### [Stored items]

lemma qvar_neq_1: "qvar \<noteq> 1"
  using qvar_power_neq_1[of 1] by simp

lemma qint_nonzero: "k > 0 \<Longrightarrow> qint k \<noteq> 0"
  using qvar_neq_1 qvar_power_neq_1[of k] by (simp add: qint_def)

lemma qint_identities:
  assumes "l > 0"
  shows qint_succ_diff_pred: "qint (l + 1) - qvar * qint (l - 1) = 1 + qvar ^ l"
    and qint_double: "qint l * (1 + qvar ^ l) = qint (2 * l)"
    and qvar_qint_double_eq_pred_succ: "qvar * qint (l - 1) + qvar ^ l * qint (l + 1) = qvar * qint (2 * l)"
    and qint_double_eq_succ_pred: "qvar ^ l * (qvar * qint (l - 1)) + qint (l + 1) = qint (2 * l)"
    and qint_times_1_plus_qvar: "qint l * (1 + qvar) = qint (l + 1) + qvar * qint (l - 1)"
    and qint_square_times_qvar: "qint l ^ 2 * qvar - qvar ^ l = qint (l + 1) * (qvar * qint (l - 1))"
proof -
  define y where "y = qvar ^ l"
  have cancel: "u = v" if "u * (1 - qvar) ^ 2 = v * (1 - qvar) ^ 2" for u v
    using that qvar_neq_1 by simp
  have qint_times: "qint k * (1 - qvar) = 1 - qvar ^ k" for k
    using qvar_neq_1 by (simp add: qint_def)
  have "qvar * qint (l - 1) * (1 - qvar) = qvar * (1 - qvar ^ (l - 1))"
    by (simp add: mult.assoc qint_times)
  also have "\<dots> = qvar - y"
    using assms by (simp add: y_def right_diff_distrib flip: power_Suc)
  finally have pred: "qvar * qint (l - 1) * (1 - qvar) = qvar - y" .
  have times: "qint l * (1 - qvar) = 1 - y"
    "qint (l + 1) * (1 - qvar) = 1 - qvar * y"
    "qint (2 * l) * (1 - qvar) = 1 - y * y"
    by (simp_all add: y_def qint_times mult_2 power_add)
  show "qint (l + 1) - qvar * qint (l - 1) = 1 + qvar ^ l"
    unfolding y_def[symmetric] by (rule cancel) (use pred times in algebra)
  show "qint l * (1 + qvar ^ l) = qint (2 * l)"
    unfolding y_def[symmetric] by (rule cancel) (use pred times in algebra)
  show "qvar * qint (l - 1) + qvar ^ l * qint (l + 1) = qvar * qint (2 * l)"
    unfolding y_def[symmetric] by (rule cancel) (use pred times in algebra)
  show "qvar ^ l * (qvar * qint (l - 1)) + qint (l + 1) = qint (2 * l)"
    unfolding y_def[symmetric] by (rule cancel) (use pred times in algebra)
  show "qint l * (1 + qvar) = qint (l + 1) + qvar * qint (l - 1)"
    unfolding y_def[symmetric] by (rule cancel) (use pred times in algebra)
  show "qint l ^ 2 * qvar - qvar ^ l = qint (l + 1) * (qvar * qint (l - 1))"
    unfolding y_def[symmetric] by (rule cancel) (use pred times in algebra)
qed

lemma fps_recurrence_sum_mult:
  fixes P C N :: "'a::comm_ring_1 fps" and A :: "nat \<Rightarrow> 'a fps"
  assumes order: "\<And>k j. j < k \<Longrightarrow> A k $ j = 0"
    and "C $ 0 = 0"
    and start: "P * A 0 = N"
    and step: "\<And>k. P * A (Suc k) = C * A k"
  shows "(P - C) * Abs_fps (\<lambda>m. \<Sum>k\<le>m. A k $ m) = N"
proof (rule fps_ext)
  fix m
  \<comment> \<open>The series is \<open>\<Sum>\<^sub>k A k\<close>, well defined because \<open>A k\<close> has order at least k.\<close>
  have telescope: "(P - C) * (\<Sum>k\<le>n. A k) = N - C * A n" for n
    by (induction n) (simp_all add: algebra_simps start step)
  have truncate: "(\<Sum>k\<le>i. A k $ i) = (\<Sum>k\<le>m. A k) $ i" if "i \<le> m" for i
    using that order by (simp add: fps_sum_nth) (intro sum.mono_neutral_left; auto)
  have "C $ i * A m $ (m - i) = 0" if "i \<le> m" for i
    using \<open>C $ 0 = 0\<close> order[of "m - i" m] that by (cases "i = 0") auto
  then have "(C * A m) $ m = 0"
    by (simp add: fps_mult_nth)
  then have "((P - C) * (\<Sum>k\<le>m. A k)) $ m = N $ m"
    by (simp add: telescope)
  then show "((P - C) * Abs_fps (\<lambda>m. \<Sum>k\<le>m. A k $ m)) $ m = N $ m"
    by (simp add: fps_mult_nth truncate)
qed

lemma hcomp_eq_fps_nth:
  "hcomp (int m - int j) r s x
     = (fps_X ^ j * inverse ((1 - fps_X) ^ r * (1 - fps_const x * fps_X) ^ s)) $ m"
  by (simp add: hcomp_def fps_X_power_mult_nth nat_diff_distrib)

lemma hcomp_series_times_denominator:
  fixes x t :: "'a::field" and a b :: nat
  assumes "a \<le> 1" and "b \<le> 1"
  shows "((1 - fps_X) * (1 - fps_const x * fps_X) - fps_const t * fps_X ^ 2)
           * Abs_fps (\<lambda>m. \<Sum>k\<le>m. hcomp (int m - 2 * int k) (k + a) (k + b) x * t ^ k)
         = (1 - fps_X) ^ (1 - a) * (1 - fps_const x * fps_X) ^ (1 - b)"
proof -
  define P :: "'a fps" where "P = (1 - fps_X) * (1 - fps_const x * fps_X)"
  define Q :: "nat \<Rightarrow> 'a fps"
    where "Q k = (1 - fps_X) ^ (k + a) * (1 - fps_const x * fps_X) ^ (k + b)" for k
  define A where "A k = fps_const (t ^ k) * (fps_X ^ (2 * k) * inverse (Q k))" for k
  have A_nth: "A k $ m = hcomp (int m - 2 * int k) (k + a) (k + b) x * t ^ k" for k m
    using hcomp_eq_fps_nth[of m "2 * k" "k + a" "k + b" x] by (simp add: A_def Q_def mult.commute)
  have P_inverse: "P * inverse P = 1"
    by (rule inverse_mult_eq_1') (simp add: P_def)
  have "Q (Suc k) = Q k * P" for k
    by (simp add: Q_def P_def mult_ac)
  then have Q_step: "P * inverse (Q (Suc k)) = inverse (Q k)" for k
    by (simp add: fps_inverse_mult mult.left_commute[of P] P_inverse)
  have step: "P * A (Suc k) = fps_const t * fps_X ^ 2 * A k" for k
  proof -
    have X_power: "fps_X ^ (2 * Suc k) = fps_X ^ 2 * (fps_X ^ (2 * k) :: 'a fps)"
      by (simp flip: power_add)
    have "P * A (Suc k)
        = fps_const t * fps_X ^ 2 * (fps_const (t ^ k) * (fps_X ^ (2 * k) * (P * inverse (Q (Suc k)))))"
      unfolding A_def X_power by (simp only: power_Suc mult_ac flip: fps_const_mult)
    then show ?thesis
      by (simp only: Q_step A_def)
  qed
  have "P = (1 - fps_X) ^ (1 - a) * (1 - fps_const x * fps_X) ^ (1 - b) * Q 0"
    using assms by (simp add: P_def Q_def mult_ac flip: power_add)
  moreover have "Q 0 * inverse (Q 0) = 1"
    by (rule inverse_mult_eq_1') (simp add: Q_def fps_power_zeroth)
  ultimately have start: "P * A 0 = (1 - fps_X) ^ (1 - a) * (1 - fps_const x * fps_X) ^ (1 - b)"
    by (simp add: A_def mult.assoc)
  have "j < k \<Longrightarrow> A k $ j = 0" for j k
    by (simp add: A_nth hcomp_def)
  from fps_recurrence_sum_mult[of A "fps_const t * fps_X ^ 2" P, OF this _ start step]
  show ?thesis
    by (simp add: A_nth P_def)
qed

lemma fps_linear_factors_mult:
  fixes a b c :: "'a::comm_ring_1"
  shows "(fps_const a - fps_const b * fps_X) * (fps_const a - fps_const c * fps_X)
       = fps_const (a * a) - fps_const (a * (b + c)) * fps_X + fps_const (b * c) * fps_X ^ 2"
  by (simp add: algebra_simps power2_eq_square flip: fps_const_mult fps_const_add)

lemma qint_denominator_factorization:
  assumes "l > 0"
  shows "fps_const ((qint l)\<^sup>2) * ((1 - fps_X) * (1 - fps_const qvar * fps_X)
           - fps_const (qvar ^ l / (qint l)\<^sup>2) * fps_X ^ 2)
       = (fps_const (qint l) - fps_const (qint (l + 1)) * fps_X)
           * (fps_const (qint l) - fps_const (qvar * qint (l - 1)) * fps_X)"
proof -
  have "qint l \<noteq> 0"
    using assms qint_nonzero by blast
  then have "fps_const ((qint l)\<^sup>2) * ((1 - fps_X) * (1 - fps_const qvar * fps_X)
           - fps_const (qvar ^ l / (qint l)\<^sup>2) * fps_X ^ 2)
      = fps_const (qint l * qint l) - fps_const (qint l * (qint l * (1 + qvar))) * fps_X
          + fps_const ((qint l)\<^sup>2 * qvar - qvar ^ l) * fps_X ^ 2"
    by (simp add: algebra_simps power2_eq_square flip: fps_const_mult fps_const_add)
  also have "\<dots> = (fps_const (qint l) - fps_const (qint (l + 1)) * fps_X)
           * (fps_const (qint l) - fps_const (qvar * qint (l - 1)) * fps_X)"
    unfolding fps_linear_factors_mult qint_times_1_plus_qvar[OF assms] qint_square_times_qvar[OF assms] ..
  finally show ?thesis .
qed

lemma fps_divide_times_cancel:
  fixes f g h :: "'a::field fps"
  assumes "g $ 0 \<noteq> 0"
  shows "f / g * (g * h) = f * h"
proof -
  have "f / g * (g * h) = f * (inverse g * g) * h"
    using assms by (simp add: fps_divide_unit mult.assoc)
  then show ?thesis
    using assms by (simp add: inverse_mult_eq_1)
qed

lemma fps_eq_partial_fractions:
  fixes L M1 M2 T c1 c2 \<nu> :: "'a::field" and D F :: "'a fps"
  assumes "L \<noteq> 0" and "T \<noteq> 0"
    and factorization: "fps_const (L\<^sup>2) * D
           = (fps_const L - fps_const M1 * fps_X) * (fps_const L - fps_const M2 * fps_X)"
    and DF: "D * F = 1 - fps_const \<nu> * fps_X"
    and constant_coeff: "L * (c1 + c2) = T"
    and linear_coeff: "c1 * M2 + c2 * M1 = \<nu> * T"
  shows "F = fps_const (L\<^sup>2 / T) * (fps_const c1 / (fps_const L - fps_const M1 * fps_X)
                                    + fps_const c2 / (fps_const L - fps_const M2 * fps_X))"
proof -
  define K where "K = L\<^sup>2 / T"
  define E1 where "E1 = fps_const L - fps_const M1 * fps_X"
  define E2 where "E2 = fps_const L - fps_const M2 * fps_X"
  have units: "E1 $ 0 \<noteq> 0" "E2 $ 0 \<noteq> 0"
    using \<open>L \<noteq> 0\<close> by (simp_all add: E1_def E2_def)
  have cancel1: "fps_const c1 / E1 * (E1 * E2) = fps_const c1 * E2"
    by (rule fps_divide_times_cancel[OF units(1)])
  have cancel2: "fps_const c2 / E2 * (E1 * E2) = fps_const c2 * E1"
    using fps_divide_times_cancel[OF units(2)] by (simp only: mult.commute[of E1])
  have "fps_const K * (fps_const c1 / E1 + fps_const c2 / E2) * (E1 * E2)
      = fps_const K * (fps_const c1 * E2 + fps_const c2 * E1)"
    by (simp only: mult.assoc distrib_right cancel1 cancel2)
  also have "\<dots> = fps_const (K * (L * (c1 + c2))) - fps_const (K * (c1 * M2 + c2 * M1)) * fps_X"
    unfolding E1_def E2_def by (simp only: flip: fps_const_mult fps_const_add) algebra
  also have "\<dots> = fps_const (L\<^sup>2) * (1 - fps_const \<nu> * fps_X)"
    using \<open>T \<noteq> 0\<close> by (simp add: K_def constant_coeff linear_coeff right_diff_distrib)
  also have "\<dots> = F * (E1 * E2)"
    unfolding E1_def E2_def DF[symmetric] factorization[symmetric] by (simp only: ac_simps)
  finally have "fps_const K * (fps_const c1 / E1 + fps_const c2 / E2) * (E1 * E2) = F * (E1 * E2)" .
  moreover have "E1 * E2 \<noteq> 0"
    using units by auto
  ultimately show ?thesis
    unfolding K_def[symmetric] E1_def[symmetric] E2_def[symmetric] by simp
qed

### [Task requirements]
Copy every line of the entries above in which "fixes" occurs.

### [Solution]
  fixes P C N :: "'a::comm_ring_1 fps" and A :: "nat \<Rightarrow> 'a fps"
  fixes x t :: "'a::field" and a b :: nat
  fixes a b c :: "'a::comm_ring_1"
  fixes f g h :: "'a::field fps"
  fixes L M1 M2 T c1 c2 \<nu> :: "'a::field" and D F :: "'a fps"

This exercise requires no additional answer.